What is required: Nothing should be left out: write out the whole listing exactly.
-------- Data provided --------
lemma Bmat_prod_eq:
  assumes "m \<le> K"
    and "\<And>l j. m \<le> l \<Longrightarrow> l < K \<Longrightarrow> 1 \<le> j \<Longrightarrow> j \<le> N^l \<Longrightarrow> QQ l j \<in> carrier_mat N 1"
  shows "foldr (\<lambda>A acc. A * acc) (map (\<lambda>n. Bmat N n n (QQ n)) (rev [m..<K])) (1\<^sub>m (N^m))
    = mat (N^K) (N^m) (\<lambda>(c,y). if c div N^(K-m) = y then path_weight N K QQ m c else 0)"
  using assms
proof (induction K rule: dec_induct)
  case base
  show ?case by (rule eq_matI) (auto simp: path_weight_def)
next
  case (step n)
  have Qn: "QQ n ` {1..N^n} \<subseteq> carrier_mat N 1"
    using step.prems step.hyps by auto
  have "foldr (\<lambda>A acc. A * acc) (map (\<lambda>n. Bmat N n n (QQ n)) (rev [m..<Suc n])) (1\<^sub>m (N^m))
      = Bmat N n n (QQ n) * mat (N^n) (N^m) (\<lambda>(c,y). if c div N^(n-m) = y then path_weight N n QQ m c else 0)"
    using step by simp
  also have "\<dots> = mat (N^Suc n) (N^m) (\<lambda>(c,y). if c div N^(Suc n-m) = y then path_weight N (Suc n) QQ m c else 0)"
    unfolding Bmat_eq_mat[OF Qn] mat_mult_mat
  proof (rule cong_mat[OF refl refl], unfold prod.case)
    fix c y assume c: "c < N^Suc n" and y: "y < N^m"
    then have "c div N < N^n"
      by (simp add: less_mult_imp_div_less mult.commute)
    have "c div N div N^(n-m) = c div N^(Suc n - m)"
      using step.hyps by (simp add: Suc_diff_le div_mult2_eq)
    have "(\<Sum>t<N^n. (if c div N = t then QQ n (t+1) $$ (c mod N, 0) else 0) *
          (if t div N^(n-m) = y then path_weight N n QQ m t else 0))
        = (\<Sum>t<N^n. if t = c div N then QQ n (c div N + 1) $$ (c mod N, 0) *
          (if c div N div N^(n-m) = y then path_weight N n QQ m (c div N) else 0) else 0)"
      by (intro sum.cong) auto
    also have "\<dots> = (if c div N^(Suc n - m) = y then path_weight N (Suc n) QQ m c else 0)"
      using \<open>c div N < N^n\<close> \<open>c div N div N^(n-m) = c div N^(Suc n - m)\<close> step.hyps
      by (simp add: path_weight_Suc)
    finally show "(\<Sum>t<N^n. (if c div N = t then QQ n (t+1) $$ (c mod N, 0) else 0) *
          (if t div N^(n-m) = y then path_weight N n QQ m t else 0))
        = (if c div N^(Suc n - m) = y then path_weight N (Suc n) QQ m c else 0)" .
  qed
  finally show ?case .
qed

definition subtree_weight :: "nat \<Rightarrow> nat \<Rightarrow> (nat \<Rightarrow> nat \<Rightarrow> real mat) \<Rightarrow> nat \<Rightarrow> nat \<Rightarrow> nat \<Rightarrow> real" where
  "subtree_weight N K QQ n p a = (\<Sum>t<N^(K-n).
     if (p * N^(K-n) + t) mod N = a then path_weight N K QQ n (p * N^(K-n) + t) else 0)"

lemma subtree_weight_split:
  assumes "N \<ge> 1" and "n < K"
  shows "subtree_weight N K QQ n p a = (\<Sum>b<N. subtree_weight N K QQ (Suc n) (p*N+b) a * QQ n (p+1) $$ (b,0))"
proof -
  define M where "M = N^(K - Suc n)"
  have NM: "N^(K-n) = N * M"
    unfolding M_def using assms(2) by (simp flip: power_Suc add: Suc_diff_Suc)
  have M0: "M > 0"
    unfolding M_def using assms(1) by simp
  have path: "path_weight N K QQ n ((p*N+u)*M+t) = QQ n (p+1) $$ (u,0) * path_weight N K QQ (Suc n) ((p*N+u)*M+t)"
    if "u < N" "t < M" for u t
  proof -
    have "((p*N+u)*M+t) div M = p*N+u"
      using that M0 by simp
    moreover have "((p*N+u)*M+t) div (N*M) = p"
      using that by (simp add: div_mult2_eq[of _ M N, unfolded mult.commute[of M N]] \<open>((p*N+u)*M+t) div M = p*N+u\<close>)
    ultimately show ?thesis
      using assms(2) that unfolding path_weight_def M_def NM[unfolded M_def, symmetric]
      by (simp add: prod.atLeast_Suc_lessThan)
  qed
  have "subtree_weight N K QQ n p a
      = (\<Sum>u<N. \<Sum>t<M. if ((p*N+u)*M+t) mod N = a then path_weight N K QQ n ((p*N+u)*M+t) else 0)"
  proof -
    have "p * (N*M) + (u*M + t) = (p*N+u)*M + t" for u t
      by (simp add: algebra_simps)
    then show ?thesis
      unfolding subtree_weight_def NM sum_lessThan_mult_split by (simp only:)
  qed
  also have "\<dots> = (\<Sum>u<N. \<Sum>t<M. (if ((p*N+u)*M+t) mod N = a then path_weight N K QQ (Suc n) ((p*N+u)*M+t) else 0)
      * QQ n (p+1) $$ (u,0))"
    by (intro sum.cong refl) (simp add: path)
  also have "\<dots> = (\<Sum>b<N. subtree_weight N K QQ (Suc n) (p*N+b) a * QQ n (p+1) $$ (b,0))"
    unfolding subtree_weight_def M_def by (simp add: sum_distrib_right)
  finally show ?thesis .
qed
--------
Response to this exercise:
lemma Bmat_prod_eq:
  assumes "m \<le> K"
    and "\<And>l j. m \<le> l \<Longrightarrow> l < K \<Longrightarrow> 1 \<le> j \<Longrightarrow> j \<le> N^l \<Longrightarrow> QQ l j \<in> carrier_mat N 1"
  shows "foldr (\<lambda>A acc. A * acc) (map (\<lambda>n. Bmat N n n (QQ n)) (rev [m..<K])) (1\<^sub>m (N^m))
    = mat (N^K) (N^m) (\<lambda>(c,y). if c div N^(K-m) = y then path_weight N K QQ m c else 0)"
  using assms
proof (induction K rule: dec_induct)
  case base
  show ?case by (rule eq_matI) (auto simp: path_weight_def)
next
  case (step n)
  have Qn: "QQ n ` {1..N^n} \<subseteq> carrier_mat N 1"
    using step.prems step.hyps by auto
  have "foldr (\<lambda>A acc. A * acc) (map (\<lambda>n. Bmat N n n (QQ n)) (rev [m..<Suc n])) (1\<^sub>m (N^m))
      = Bmat N n n (QQ n) * mat (N^n) (N^m) (\<lambda>(c,y). if c div N^(n-m) = y then path_weight N n QQ m c else 0)"
    using step by simp
  also have "\<dots> = mat (N^Suc n) (N^m) (\<lambda>(c,y). if c div N^(Suc n-m) = y then path_weight N (Suc n) QQ m c else 0)"
    unfolding Bmat_eq_mat[OF Qn] mat_mult_mat
  proof (rule cong_mat[OF refl refl], unfold prod.case)
    fix c y assume c: "c < N^Suc n" and y: "y < N^m"
    then have "c div N < N^n"
      by (simp add: less_mult_imp_div_less mult.commute)
    have "c div N div N^(n-m) = c div N^(Suc n - m)"
      using step.hyps by (simp add: Suc_diff_le div_mult2_eq)
    have "(\<Sum>t<N^n. (if c div N = t then QQ n (t+1) $$ (c mod N, 0) else 0) *
          (if t div N^(n-m) = y then path_weight N n QQ m t else 0))
        = (\<Sum>t<N^n. if t = c div N then QQ n (c div N + 1) $$ (c mod N, 0) *
          (if c div N div N^(n-m) = y then path_weight N n QQ m (c div N) else 0) else 0)"
      by (intro sum.cong) auto
    also have "\<dots> = (if c div N^(Suc n - m) = y then path_weight N (Suc n) QQ m c else 0)"
      using \<open>c div N < N^n\<close> \<open>c div N div N^(n-m) = c div N^(Suc n - m)\<close> step.hyps
      by (simp add: path_weight_Suc)
    finally show "(\<Sum>t<N^n. (if c div N = t then QQ n (t+1) $$ (c mod N, 0) else 0) *
          (if t div N^(n-m) = y then path_weight N n QQ m t else 0))
        = (if c div N^(Suc n - m) = y then path_weight N (Suc n) QQ m c else 0)" .
  qed
  finally show ?case .
qed

definition subtree_weight :: "nat \<Rightarrow> nat \<Rightarrow> (nat \<Rightarrow> nat \<Rightarrow> real mat) \<Rightarrow> nat \<Rightarrow> nat \<Rightarrow> nat \<Rightarrow> real" where
  "subtree_weight N K QQ n p a = (\<Sum>t<N^(K-n).
     if (p * N^(K-n) + t) mod N = a then path_weight N K QQ n (p * N^(K-n) + t) else 0)"

lemma subtree_weight_split:
  assumes "N \<ge> 1" and "n < K"
  shows "subtree_weight N K QQ n p a = (\<Sum>b<N. subtree_weight N K QQ (Suc n) (p*N+b) a * QQ n (p+1) $$ (b,0))"
proof -
  define M where "M = N^(K - Suc n)"
  have NM: "N^(K-n) = N * M"
    unfolding M_def using assms(2) by (simp flip: power_Suc add: Suc_diff_Suc)
  have M0: "M > 0"
    unfolding M_def using assms(1) by simp
  have path: "path_weight N K QQ n ((p*N+u)*M+t) = QQ n (p+1) $$ (u,0) * path_weight N K QQ (Suc n) ((p*N+u)*M+t)"
    if "u < N" "t < M" for u t
  proof -
    have "((p*N+u)*M+t) div M = p*N+u"
      using that M0 by simp
    moreover have "((p*N+u)*M+t) div (N*M) = p"
      using that by (simp add: div_mult2_eq[of _ M N, unfolded mult.commute[of M N]] \<open>((p*N+u)*M+t) div M = p*N+u\<close>)
    ultimately show ?thesis
      using assms(2) that unfolding path_weight_def M_def NM[unfolded M_def, symmetric]
      by (simp add: prod.atLeast_Suc_lessThan)
  qed
  have "subtree_weight N K QQ n p a
      = (\<Sum>u<N. \<Sum>t<M. if ((p*N+u)*M+t) mod N = a then path_weight N K QQ n ((p*N+u)*M+t) else 0)"
  proof -
    have "p * (N*M) + (u*M + t) = (p*N+u)*M + t" for u t
      by (simp add: algebra_simps)
    then show ?thesis
      unfolding subtree_weight_def NM sum_lessThan_mult_split by (simp only:)
  qed
  also have "\<dots> = (\<Sum>u<N. \<Sum>t<M. (if ((p*N+u)*M+t) mod N = a then path_weight N K QQ (Suc n) ((p*N+u)*M+t) else 0)
      * QQ n (p+1) $$ (u,0))"
    by (intro sum.cong refl) (simp add: path)
  also have "\<dots> = (\<Sum>b<N. subtree_weight N K QQ (Suc n) (p*N+b) a * QQ n (p+1) $$ (b,0))"
    unfolding subtree_weight_def M_def by (simp add: sum_distrib_right)
  finally show ?thesis .
qed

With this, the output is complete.